Benefits: Higher success rates for requests, reduced impact of intermittent failures.

Factors to Consider:

Idempotency: Ensure that the operation being retried is idempotent, which means that it can be repeated without unintended side effects.
Max Retries: Limit the number of retries (e.g., max 3 retries) to avoid infinite loops.
Circuit Breaking: Integrate retries with circuit breakers to prevent retries when a service is consistently failing.

For more information, see Retries in the Istio documentation.

Timeouts

Use timeouts to define maximum time allowed for request processing.

Key Configuration:
- timeout: Request timeout for a specific service.
- idleTimeout: Time a connection can remain idle before closure.
Benefits: Improved system responsiveness, prevention of resource leaks, hardening against malicious traffic.

Factors to Consider:

Network Latency: Account for the expected round-trip time (RTT) between services. Leave some buffer for unexpected delays.
Service Dependency Graph: For chained requests, ensure that the timeout of a calling service is shorter than the cumulative timeout of its dependencies to avoid cascading failures.
Types of Operations: Long-running tasks may need significantly longer timeouts than data retrievals.
Error Handling: Timeouts should trigger appropriate error handling logic (e.g., retry, fallback, circuit breaking).

For more information, see Timeouts in the Istio documentation.

Monitor and fine-tune

Consider starting with the default settings for timeouts, outlier detection and retries and then gradually adjusting them based on your specific service requirements and observed traffic patterns.
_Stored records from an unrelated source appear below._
lemma H_class_slope_ge:
  assumes "h \<in> H_class M m n" "0 < M" "2 \<le> n"
  shows "- 1 / tent_width M n \<le> m"
proof (cases "0 \<le> m")
  case True
  have "0 < tent_width M n"
    using assms(2,3) by (simp add: tent_width_pos)
  with True show ?thesis
    by (smt (verit) divide_neg_pos)
next
  case False
  define B where "B = - 1 / m"
  have "0 < B" and slope: "- 1 / B = m"
    using False by (simp_all add: B_def)
  obtain b where h: "profile b h" and moment: "((\<lambda>t. t * h t ^ (n - 1)) has_integral M) UNIV"
    using H_classE[OF assms(1,3)] by metis
  have below: "t * h t ^ (n - 1) \<le> t * truncated_line (- 1 / B) B t ^ (n - 1)" for t
  proof (cases "0 \<le> t")
    case True
    have "h t \<le> truncated_line (- 1 / B) B t"
      using H_class_le_truncated_line[OF assms(1,3)] False unfolding slope B_def by simp
    with True show ?thesis
      using profileD(3)[OF h, of t] by (simp add: mult_left_mono power_mono)
  next
    case False
    then show ?thesis
      using profileD(5)[OF h, of t] \<open>2 \<le> n\<close> by (simp add: truncated_line_def power_0_left)
  qed
  have "M \<le> B\<^sup>2 / (real n * (real n + 1))"
    using moment has_integral_truncated_tent_moment[OF \<open>0 < B\<close> \<open>2 \<le> n\<close>] below
    by (rule has_integral_le)
  then have "tent_width M n \<le> B"
    using assms(2,3) \<open>0 < B\<close> by (intro tent_width_le) simp_all
  then have "1 / B \<le> 1 / tent_width M n"
    by (rule divide_left_mono) (use \<open>0 < B\<close> tent_width_pos[OF assms(2), of n] assms(3) in simp_all)
  then show ?thesis
    unfolding slope[symmetric] by simp
qed

lemma line_in_H_class_exists:
  assumes "0 < M" "2 \<le> n" "- 1 / tent_width M n \<le> m"
  obtains B where "0 < B" "0 \<le> 1 + m * B" "truncated_line m B \<in> H_class M m n"
proof -
  define W where "W = tent_width M n"
  define f where "f = (\<lambda>t. t * (1 + m * t) ^ (n - 1))"
  have "0 < W"
    using assms(1,2) by (simp add: W_def tent_width_pos)
  have above_tent: "1 - t / W \<le> 1 + m * t" if "0 \<le> t" for t
    using mult_right_mono[OF assms(3) that] by (simp add: W_def)
  have integrable: "f integrable_on {0..x}" for x
    unfolding f_def by (intro integrable_continuous_real continuous_intros)
  have "M \<le> integral {0..W} f"
  proof (rule has_integral_le)
    show "((\<lambda>t. t * (1 - t / W) ^ (n - 1)) has_integral M) {0..W}"
      unfolding W_def using assms(1,2) by (intro has_integral_tent_width_moment) simp_all
    show "(f has_integral integral {0..W} f) {0..W}"
      using integrable by (rule integrable_integral)
    show "t * (1 - t / W) ^ (n - 1) \<le> f t" if "t \<in> {0..W}" for t
      unfolding f_def using that above_tent[of t] \<open>0 < W\<close>
      by (intro mult_left_mono power_mono) auto
  qed
  moreover have "integral {0..0} f \<le> M"
    using assms(1) by simp
  moreover have "continuous_on {0..W} (\<lambda>x. integral {0..x} f)"
    by (rule indefinite_integral_continuous_1[OF integrable])
  ultimately obtain B where B: "0 \<le> B" "B \<le> W" "integral {0..B} f = M"
    using IVT'[of "\<lambda>x. integral {0..x} f" 0 M W] \<open>0 < W\<close> by auto
  have "0 < B"
    using B assms(1) by (cases "B = 0") auto
  have "0 \<le> 1 - B / W"
    using B(2) \<open>0 < W\<close> by simp
  also have "\<dots> \<le> 1 + m * B"
    using above_tent B(1) by simp
  finally have "0 \<le> 1 + m * B" .
  moreover have "truncated_line m B \<in> H_class M m n"
  proof (rule truncated_line_in_H_class[OF \<open>0 < B\<close> \<open>0 \<le> 1 + m * B\<close> order_refl])
    show "((\<lambda>t. t * (1 + m * t) ^ (n - 1)) has_integral M) {0..B}"
      using integrable_integral[OF integrable[of B]] B(3) unfolding f_def by simp
  qed
  ultimately show ?thesis
    using that \<open>0 < B\<close> by blast
qed
lemma poly_mat_apply_add: "poly_mat_apply M (p + q) z = poly_mat_apply M p z + poly_mat_apply M q z"
proof -
  define m where "m = Suc (max (degree p) (degree q))"
  have "degree (p + q) < m" "degree p < m" "degree q < m"
    using degree_add_le_max[of p q] by (auto simp: m_def)
  then show ?thesis
    by (simp add: poly_mat_apply_eq_sum[where m = m] vector_sadd_rdistrib sum.distrib)
qed

lemma poly_mat_apply_smult: "poly_mat_apply M (smult a p) z = a *s poly_mat_apply M p z"
proof -
  have "degree (smult a p) < Suc (degree p)"
    using degree_smult_le[of a p] by auto
  then show ?thesis
    by (simp add: poly_mat_apply_eq_sum[where m = "Suc (degree p)"] vec.scale_sum_right vector_smult_assoc
        del: sum.lessThan_Suc)
qed

lemma poly_mat_apply_pCons_0: "poly_mat_apply M (pCons 0 p) z = M *v poly_mat_apply M p z"
proof -
  have "poly_mat_apply M (pCons 0 p) z
          = (\<Sum>i<Suc (Suc (degree p)). coeff (pCons 0 p) i *s (matpow M i *v z))"
    by (rule poly_mat_apply_eq_sum) simp
  also have "\<dots> = (\<Sum>i<Suc (degree p). coeff p i *s (matpow M (Suc i) *v z))"
    by (subst sum.lessThan_Suc_shift) simp
  also have "\<dots> = M *v poly_mat_apply M p z"
    by (simp add: poly_mat_apply_eq_sum[where m = "Suc (degree p)"] vec.sum vector_scalar_commute
        matrix_vector_mul_assoc del: sum.lessThan_Suc)
  finally show ?thesis .
qed

lemma poly_mat_apply_linear_factor:
  "poly_mat_apply M ([:- a, 1:] * p) z = M *v poly_mat_apply M p z - a *s poly_mat_apply M p z"
proof -
  have "[:- a, 1:] * p = smult (- a) p + pCons 0 p"
    by simp
  then show ?thesis
    by (simp only: poly_mat_apply_add poly_mat_apply_smult poly_mat_apply_pCons_0
        vector_smult_lneg) simp
qed

fun linear_factors_apply :: "'a::field^'n^'n \<Rightarrow> 'a list \<Rightarrow> 'a^'n \<Rightarrow> 'a^'n" where
  "linear_factors_apply M [] z = z"
| "linear_factors_apply M (a # as) z =
     M *v linear_factors_apply M as z - a *s linear_factors_apply M as z"

lemma poly_mat_apply_prod_linear_factors:
  "poly_mat_apply M (\<Prod>a\<leftarrow>as. [:- a, 1:]) z = linear_factors_apply M as z"
proof (induction as)
  case Nil
  then show ?case by (simp add: poly_mat_apply_def)
next
  case (Cons a as)
  then show ?case
    by (simp only: list.map prod_list.Cons poly_mat_apply_linear_factor linear_factors_apply.simps)
qed

lemma linear_factors_apply_Cons':
  "linear_factors_apply M (a # as) z = linear_factors_apply M as (M *v z - a *s z)"
proof -
  have "linear_factors_apply M as (M *v z - a *s z)
          = M *v linear_factors_apply M as z - a *s linear_factors_apply M as z"
    by (induction as) (simp_all add: matrix_vector_mult_diff_distrib vector_scalar_commute
        vector_ssub_ldistrib vector_smult_assoc mult.commute)
  then show ?thesis by simp
qed

lemma poly_mat_apply_monom_sum:
  "poly_mat_apply M (\<Sum>k\<le>n. monom (c k) k) z = (\<Sum>k\<le>n. c k *s (matpow M k *v z))"
proof -
  let ?p = "\<Sum>k\<le>n. monom (c k) k"
  have coeff_p: "coeff ?p k = (if k \<le> n then c k else 0)" for k
    by (simp add: coeff_sum coeff_monom)
  then have "degree ?p < Suc n"
    using degree_le[of n ?p] by simp
  then show ?thesis
    by (simp add: poly_mat_apply_eq_sum[where m = "Suc n"] coeff_p lessThan_Suc_atMost
        del: sum.lessThan_Suc)
qed

lemma matpow_orbit_dependent:
  fixes M :: "'a::field^'n^'n"
  shows "\<exists>c i. i \<le> CARD('n) \<and> c i \<noteq> 0 \<and> (\<Sum>k\<le>CARD('n). c k *s (matpow M k *v z)) = 0"
proof -
  define f where "f k = matpow M k *v z" for k
  define n where "n = CARD('n)"
  show ?thesis
  proof (cases "inj_on f {..n}")
    case True
    then have "card (f ` {..n}) = Suc n"
      by (simp add: card_image)
    moreover have "vec.dim (f ` {..n}) \<le> n"
      using vec.dim_subset_UNIV[of "f ` {..n}"] by (simp add: vec.dimension_def card_cart_basis n_def)
    ultimately have "vec.dependent (f ` {..n})"
      by (intro vec.dependent_biggerset_general) simp
    then obtain c where c: "(\<Sum>v\<in>f ` {..n}. c v *s v) = 0" and "\<exists>v\<in>f ` {..n}. c v \<noteq> 0"
      using vec.independent_explicit by blast
    moreover from this obtain i where "i \<le> n" and "c (f i) \<noteq> 0"
      by blast
    ultimately show ?thesis
      using True unfolding n_def f_def
      by (intro exI[of _ "\<lambda>k. c (f k)"] exI[of _ i]) (simp add: f_def sum.reindex)
  next
    case False
    then obtain i j where "i \<le> n" "j \<le> n" "i \<noteq> j" "f i = f j"
      unfolding inj_on_def by auto
    then have "(\<Sum>k\<le>n. ((if k = i then 1 else 0) - (if k = j then 1 else 0)) *s f k) = 0"
      by (simp add: vector_sub_rdistrib sum_subtractf if_distrib[of "\<lambda>c. c *s _"] cong: if_cong)
    with \<open>i \<le> n\<close> \<open>i \<noteq> j\<close> show ?thesis
      unfolding n_def f_def
      by (intro exI[of _ "\<lambda>k. (if k = i then 1 else 0) - (if k = j then 1 else 0)"] exI[of _ i])
        simp
  qed
qed

lemma poly_mat_apply_annihilator:
  fixes M :: "'a::field^'n^'n"
  shows "\<exists>p. p \<noteq> 0 \<and> poly_mat_apply M p z = 0"
proof -
  obtain c i where "i \<le> CARD('n)" and "c i \<noteq> 0"
    and c: "(\<Sum>k\<le>CARD('n). c k *s (matpow M k *v z)) = 0"
    using matpow_orbit_dependent by blast
  let ?p = "\<Sum>k\<le>CARD('n). monom (c k) k"
  have "coeff ?p i \<noteq> 0"
    using \<open>i \<le> CARD('n)\<close> \<open>c i \<noteq> 0\<close> by (simp add: coeff_sum coeff_monom)
  then show ?thesis
    using c by (intro exI[of _ ?p]) (auto simp: poly_mat_apply_monom_sum)
qed

lemma linear_factors_annihilator:
  fixes M :: "complex^'n^'n"
  shows "\<exists>as. linear_factors_apply M as z = 0"
proof -
  obtain p where "p \<noteq> 0" and p: "poly_mat_apply M p z = 0"
    using poly_mat_apply_annihilator by blast
  obtain as where as: "mset as = proots p"
    using ex_mset by blast
  have "p = smult (lead_coeff p) (\<Prod>a\<leftarrow>as. [:- a, 1:])"
    using complex_poly_decompose_multiset[of p] as
    by (metis mset_map prod_mset_prod_list)
  with p have "lead_coeff p *s linear_factors_apply M as z = 0"
    by (metis poly_mat_apply_smult poly_mat_apply_prod_linear_factors)
  with \<open>p \<noteq> 0\<close> show ?thesis
    by auto
qed

section \<open>Invariant seminorms without eigenvalues on the unit circle\<close>

locale invariant_seminorm =
  fixes M :: "complex^'n^'n" and S :: "complex^'n \<Rightarrow> real"
  assumes subadditive: "S (z + y) \<le> S z + S y"
    and scale: "S (c *s z) = cmod c * S z"
    and invariant: "S (M *v z) = S z"
begin

lemma uminus: "S (- z) = S z"
  using scale[of "-1" z] by (simp add: vector_sneg_minus1[symmetric])

lemma nonneg: "0 \<le> S z"
  using subadditive[of z "- z"] scale[of 0 0] uminus[of z] by simp

lemma eq_0_of_linear_factor:
  assumes y: "S (M *v z - a *s z) = 0" and "cmod a \<noteq> 1"
  shows "S z = 0"
proof -
  consider "cmod a < 1" | "cmod a > 1"
    using \<open>cmod a \<noteq> 1\<close> by linarith
  then have "S z \<le> 0"
  proof cases
    case 1
    have "S z = S ((M *v z - a *s z) + a *s z)"
      by (simp add: invariant)
    also have "\<dots> \<le> cmod a * S z"
      using subadditive[of "M *v z - a *s z" "a *s z"] y by (simp add: scale)
    finally have "(1 - cmod a) * S z \<le> 0"
      by (simp add: algebra_simps)
    with 1 show ?thesis
      by (simp add: mult_le_0_iff)
  next
    case 2
    have "cmod a * S z = S (M *v z - (M *v z - a *s z))"
      by (simp add: scale)
    also have "\<dots> \<le> S (M *v z) + S (- (M *v z - a *s z))"
      using subadditive[of "M *v z" "- (M *v z - a *s z)"] by simp
    also have "\<dots> = S z"
      using y by (simp only: uminus invariant)
    finally have "(cmod a - 1) * S z \<le> 0"
      by (simp add: algebra_simps)
    with 2 show ?thesis
      by (simp add: mult_le_0_iff)
  qed
  with nonneg[of z] show ?thesis
    by simp
qed

lemma eq_0:
  assumes no_unit_eigenvalue: "\<And>c v. cmod c = 1 \<Longrightarrow> M *v v = c *s v \<Longrightarrow> v = 0"
  shows "S z = 0"
proof -
  have "S z = 0" if "linear_factors_apply M as z = 0" for as
    using that
  proof (induction as arbitrary: z)
    case Nil
    then show ?case using scale[of 0 0] by simp
  next
    case (Cons a as)
    show ?case
    proof (cases "cmod a = 1")
      case True
      have "M *v linear_factors_apply M as z = a *s linear_factors_apply M as z"
        using Cons.prems by simp
      with True have "linear_factors_apply M as z = 0"
        by (rule no_unit_eigenvalue)
      then show ?thesis
        by (rule Cons.IH)
    next
      case False
      have "linear_factors_apply M as (M *v z - a *s z) = 0"
        using Cons.prems by (simp only: linear_factors_apply_Cons'[symmetric])
      then have "S (M *v z - a *s z) = 0"
        by (rule Cons.IH)
      then show ?thesis
        using False by (rule eq_0_of_linear_factor)
    qed
  qed
  then show ?thesis
    using linear_factors_annihilator by blast
qed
For example, look at real-world data on how long your services typically take to respond. Then adjust timeouts to match the specific characteristics of each service or endpoint.

Telemetry

Use telemetry to continually monitor your service mesh and adjust its configuration to optimize performance and reliability.

Metrics: Use comprehensive metrics, specifically, request volumes, latency, and error rates. Integrate with Cloud Monitoring for visualization and alerting.
Distributed Tracing: Enable distributed tracing integration with Cloud Trace to gain deep insights into request flows across your services.
Logging: Configure access logging to capture detailed information about requests and responses.

Additional Reading

To learn more about Cloud Service Mesh, see the Cloud Service Mesh overview.
For general site reliability engineering (SRE) guidance on scalability, see the Handling Overload, and Addressing Cascading Failures chapters in the Google SRE book.